Rotterdam wordt vaak de meest etnisch en cultureel diverse stad van Nederland en een van de meest diverse steden van Europa genoemd. Tegelijkertijd is het ook een plek die constant in beweging is, een stad waar altijd wordt gebouwd.Wat moeten we ons hierbij voorstellen en bovendien, hoe kunnen we dat tot uitdrukking brengen? Vanaf de herfst van 2007 heeft Witte de With Center for Contemporary Art een reeks boeken gemaakt die focussen op Rotterdam; elk boek presenteert de visie van een kunstenaar die vooral werkt met fotografie en video en een sterke band heeft met de stad. Deze losjes samenhangende reeks van kunstenaarsboeken brengt steeds weer Rotterdams zeer verschillende stedelijke hoofdpersonen in beeld.
Deze publicatie is het resultaat van een samenwerking tussen Witte de With en geboren en getogen Rotterdamse fotograaf Otto Snoek (1966). Snoeks beelden worden gekenmerkt door hun sterk emotionele uitwerking. Voor Witte de With betekent de samenwerking met Snoek in de eerste plaats een inhoudelijke uitdaging: een kunstenaarspraktijk wordt gepresenteerd in een andere vorm dan de tentoonstelling.
Ook wordt de relatie tussen Witte de With en inwoners van de stad Rotterdam opnieuw gedefinieerd, middels de keuze voor deze maker en middels het onderwerp. Twee schrijvers, eveneens nauw verbonden met Rotterdam, zijn gevraagd met een verhaal te reageren: Rachida Azough (Rotterdam, 1975) en Tina Rahimy (Rezaïjeh, Iran, 1975). Het boek krijgt daarmee de vorm van een drieluik: drie parallelle verhalen die samen een beeld van het hedendaagse Rotterdam vormen.

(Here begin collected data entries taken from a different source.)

(* For $n\ge1$ let $M_n$ be the number of domino tilings of $K_4\times P_n$. Then $M_n=4M_{n-1}+4M_{n-2}-M_{n-3}$ for $n\ge4$, and for all $n\ge1$, $$M_n=\frac17\Big[\Big(\tfrac{5+\sqrt{21}}2\Big)^{n+1}+\Big(\tfrac{5-\sqrt{21}}2\Big)^{n+1}+2(-1)^n\Big].$$
   Context: $H\times K$ denotes the Cartesian product of graphs. $P_n$ is the path on $n$ vertices and $K_4$ is the complete graph on $4$ vertices. A domino tiling of a finite graph is a perfect matching, and the number of domino tilings is the number of perfect matchings. *)

theory Defs
  imports Complex_Main
begin

type_synonym 'a graph = "'a set \<times> ('a \<Rightarrow> 'a \<Rightarrow> bool)"

definition verts :: "'a graph \<Rightarrow> 'a set" where "verts G = fst G"
definition adj :: "'a graph \<Rightarrow> 'a \<Rightarrow> 'a \<Rightarrow> bool" where "adj G = snd G"

definition edges :: "'a graph \<Rightarrow> 'a set set" where
  "edges G = {{u, v} | u v. u \<in> verts G \<and> v \<in> verts G \<and> adj G u v}"

definition complete_graph :: "nat \<Rightarrow> nat graph" where
  "complete_graph m = ({0..<m}, \<lambda>u v. u \<noteq> v)"

definition path_graph :: "nat \<Rightarrow> nat graph" where
  "path_graph n = ({0..<n}, \<lambda>u v. v = Suc u \<or> u = Suc v)"

definition cart_prod :: "'a graph \<Rightarrow> 'b graph \<Rightarrow> ('a \<times> 'b) graph" where
  "cart_prod H K = (verts H \<times> verts K,
     \<lambda>(h, k) (h', k'). (h = h' \<and> adj K k k') \<or> (k = k' \<and> adj H h h'))"

definition perfect_matching :: "'a graph \<Rightarrow> 'a set set \<Rightarrow> bool" where
  "perfect_matching G M \<longleftrightarrow> M \<subseteq> edges G \<and> (\<forall>v \<in> verts G. \<exists>!e \<in> M. v \<in> e)"

definition num_domino_tilings :: "'a graph \<Rightarrow> nat" where
  "num_domino_tilings G = card {M. perfect_matching G M}"

end

theory Submission
  imports Defs
begin

text \<open>Build the prism \<open>K\<^sub>4 \<times> P\<^sub>n\<close> layer by layer and expand the perfect matchings along
  the vertices of the topmost, partially filled layer: each such vertex is matched inside its
  layer or to the vertex directly below it. Writing \<open>m\<^sub>n\<close>, \<open>s\<^sub>n\<close>, \<open>t\<^sub>n\<close> for the counts
  with a full, a two-vertex (summed over the six pairs) and an empty layer above \<open>n\<close> full
  layers, this gives \<open>m\<^sub>n\<^sub>+\<^sub>1 = 3m\<^sub>n + s\<^sub>n + t\<^sub>n\<close>, \<open>s\<^sub>n\<^sub>+\<^sub>1 = 6m\<^sub>n + s\<^sub>n\<close> and
  \<open>t\<^sub>n\<^sub>+\<^sub>1 = m\<^sub>n\<close>. Eliminating \<open>m\<close> and \<open>s\<close> yields \<open>t\<^sub>n\<^sub>+\<^sub>3 + t\<^sub>n = 4t\<^sub>n\<^sub>+\<^sub>2 + 4t\<^sub>n\<^sub>+\<^sub>1\<close>,
  whose characteristic polynomial \<open>(x + 1)(x\<^sup>2 - 5x + 1)\<close> has the roots \<open>(5 \<plusminus> \<surd>21)/2\<close>
  and \<open>-1\<close>; the initial values \<open>t\<^sub>0 = 1\<close>, \<open>t\<^sub>1 = 3\<close>, \<open>t\<^sub>2 = 16\<close> fix the closed form.\<close>

section \<open>Perfect matchings\<close>

definition perfect_matchings :: "'a set \<Rightarrow> ('a \<Rightarrow> 'a \<Rightarrow> bool) \<Rightarrow> 'a set set set" where
  "perfect_matchings W R = {M. perfect_matching (W, R) M}"

lemma perfect_matchings_iff:
  "M \<in> perfect_matchings W R \<longleftrightarrow>
     M \<subseteq> {{u, v} | u v. u \<in> W \<and> v \<in> W \<and> R u v} \<and> (\<forall>v\<in>W. \<exists>!e\<in>M. v \<in> e)"
  by (simp add: perfect_matchings_def perfect_matching_def edges_def verts_def adj_def)

lemma num_domino_tilings_eq_card: "num_domino_tilings G = card (perfect_matchings (verts G) (adj G))"
  by (simp add: num_domino_tilings_def perfect_matchings_def verts_def adj_def)

lemma perfect_matchings_edgeE:
  assumes "M \<in> perfect_matchings W R" "e \<in> M"
  obtains a b where "e = {a, b}" "a \<in> W" "b \<in> W" "R a b"
  using assms by (auto simp: perfect_matchings_iff)

lemma perfect_matchings_edge_subset: "M \<in> perfect_matchings W R \<Longrightarrow> e \<in> M \<Longrightarrow> e \<subseteq> W"
  by (auto simp: perfect_matchings_iff)

lemma perfect_matchings_cover: "M \<in> perfect_matchings W R \<Longrightarrow> w \<in> W \<Longrightarrow> \<exists>!e\<in>M. w \<in> e"
  by (simp add: perfect_matchings_iff)

lemma finite_perfect_matchings: "finite W \<Longrightarrow> finite (perfect_matchings W R)"
  by (rule finite_subset[of _ "Pow (Pow W)"]) (auto simp: perfect_matchings_iff)

lemma perfect_matchings_empty: "perfect_matchings {} R = {{}}"
  by (auto simp: perfect_matchings_iff)

lemma perfect_matchings_remove_edge:
  assumes M: "M \<in> perfect_matchings W R" and e: "{v, u} \<in> M"
  shows "M - {{v, u}} \<in> perfect_matchings (W - {v, u}) R"
  unfolding perfect_matchings_iff
proof (intro conjI ballI subsetI)
  have unique: "e' = {v, u}" if "e' \<in> M" "x \<in> e'" "x \<in> {v, u}" for e' x
    using perfect_matchings_cover[OF M] perfect_matchings_edge_subset[OF M e] e that by blast
  fix e' assume e': "e' \<in> M - {{v, u}}"
  then obtain a b where "e' = {a, b}" "a \<in> W" "b \<in> W" "R a b"
    using perfect_matchings_edgeE[OF M] by blast
  moreover have "v \<notin> e'" "u \<notin> e'" using unique e' by auto
  ultimately show "e' \<in> {{x, y} |x y. x \<in> W - {v, u} \<and> y \<in> W - {v, u} \<and> R x y}" by blast
next
  fix w assume w: "w \<in> W - {v, u}"
  then obtain e' where "e' \<in> M" "w \<in> e'" "\<And>e''. e'' \<in> M \<Longrightarrow> w \<in> e'' \<Longrightarrow> e'' = e'"
    using perfect_matchings_cover[OF M] by (metis DiffD1)
  then show "\<exists>!e\<in>M - {{v, u}}. w \<in> e" using w by blast
qed

lemma perfect_matchings_insert_edge:
  assumes M: "M \<in> perfect_matchings (W - {v, u}) R" and vu: "v \<in> W" "u \<in> W" "R v u"
  shows "insert {v, u} M \<in> perfect_matchings W R"
  unfolding perfect_matchings_iff
proof (intro conjI ballI)
  have "M \<subseteq> {{x, y} |x y. x \<in> W \<and> y \<in> W \<and> R x y}"
    using M unfolding perfect_matchings_iff by blast
  then show "insert {v, u} M \<subseteq> {{x, y} |x y. x \<in> W \<and> y \<in> W \<and> R x y}"
    using vu by blast
next
  fix w assume "w \<in> W"
  have disjoint: "v \<notin> e \<and> u \<notin> e" if "e \<in> M" for e
    using perfect_matchings_edge_subset[OF M that] by blast
  show "\<exists>!e\<in>insert {v, u} M. w \<in> e"
  proof (cases "w = v \<or> w = u")
    case True
    then show ?thesis using disjoint by blast
  next
    case False
    then have "\<exists>!e\<in>M. w \<in> e" using perfect_matchings_cover[OF M] \<open>w \<in> W\<close> by blast
    then show ?thesis using False by auto
  qed
qed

Voor deze publicatie maakte Otto Snoek een nieuwe serie foto’s, aangevuld tot eenenvijftig beelden met recent (vanaf 2006), nog niet eerder gepubliceerd werk uit zijn langlopend beeldessay “Hometown” (sinds 1997). Centraal in de nieuwe werken in de publicatie staat ‘de mix’: de 174 culturen, 50% ‘allochtonen’ en 50% ‘autochtonen’, samenlevend in Rotterdam – al dan niet met elkaar. Meer dan andere steden is Rotterdam heterogeen van samenstelling, ongrijpbaar, rusteloos, vol onderhuidse spanning maar ook verwachtingsvol. Snoek legt processen en transities vast, als alziend ‘oog’, met een bijzondere gave het moment te pakken. Sommige beelden zullen verdwijnen, andere, nieuwe beelden ontstaan, Snoeks beelden daarmee vrijwarend voor een al te makkelijk ‘voor vaststaand feit aangenomen’.